What the exercise asks
Copy the lines below that contain "definition".

Collected data entries:
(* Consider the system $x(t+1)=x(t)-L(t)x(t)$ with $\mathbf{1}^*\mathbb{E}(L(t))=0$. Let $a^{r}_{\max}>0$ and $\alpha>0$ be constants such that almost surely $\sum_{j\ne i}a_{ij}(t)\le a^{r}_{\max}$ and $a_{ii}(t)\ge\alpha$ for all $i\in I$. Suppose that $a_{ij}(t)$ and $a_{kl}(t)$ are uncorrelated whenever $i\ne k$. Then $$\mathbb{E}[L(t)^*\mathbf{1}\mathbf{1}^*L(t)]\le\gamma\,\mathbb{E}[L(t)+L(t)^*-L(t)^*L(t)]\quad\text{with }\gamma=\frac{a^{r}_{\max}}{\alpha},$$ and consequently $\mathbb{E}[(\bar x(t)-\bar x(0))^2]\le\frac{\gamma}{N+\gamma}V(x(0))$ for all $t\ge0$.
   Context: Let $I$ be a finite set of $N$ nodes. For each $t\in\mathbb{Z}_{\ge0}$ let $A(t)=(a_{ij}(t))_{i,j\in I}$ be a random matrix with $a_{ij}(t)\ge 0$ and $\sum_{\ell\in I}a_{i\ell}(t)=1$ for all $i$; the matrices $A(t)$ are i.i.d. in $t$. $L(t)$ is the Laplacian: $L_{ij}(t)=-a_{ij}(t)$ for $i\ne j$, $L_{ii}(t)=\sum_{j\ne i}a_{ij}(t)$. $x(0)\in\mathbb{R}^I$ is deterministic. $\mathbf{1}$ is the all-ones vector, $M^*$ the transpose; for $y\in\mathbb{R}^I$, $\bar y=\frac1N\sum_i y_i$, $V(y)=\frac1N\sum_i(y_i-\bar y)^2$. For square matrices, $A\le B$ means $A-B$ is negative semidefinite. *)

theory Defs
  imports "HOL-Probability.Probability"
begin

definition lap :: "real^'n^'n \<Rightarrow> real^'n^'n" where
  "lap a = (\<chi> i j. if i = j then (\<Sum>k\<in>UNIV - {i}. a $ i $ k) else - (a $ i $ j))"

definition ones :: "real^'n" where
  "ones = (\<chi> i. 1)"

Solution to this exercise
definition lap :: "real^'n^'n \<Rightarrow> real^'n^'n" where
definition ones :: "real^'n" where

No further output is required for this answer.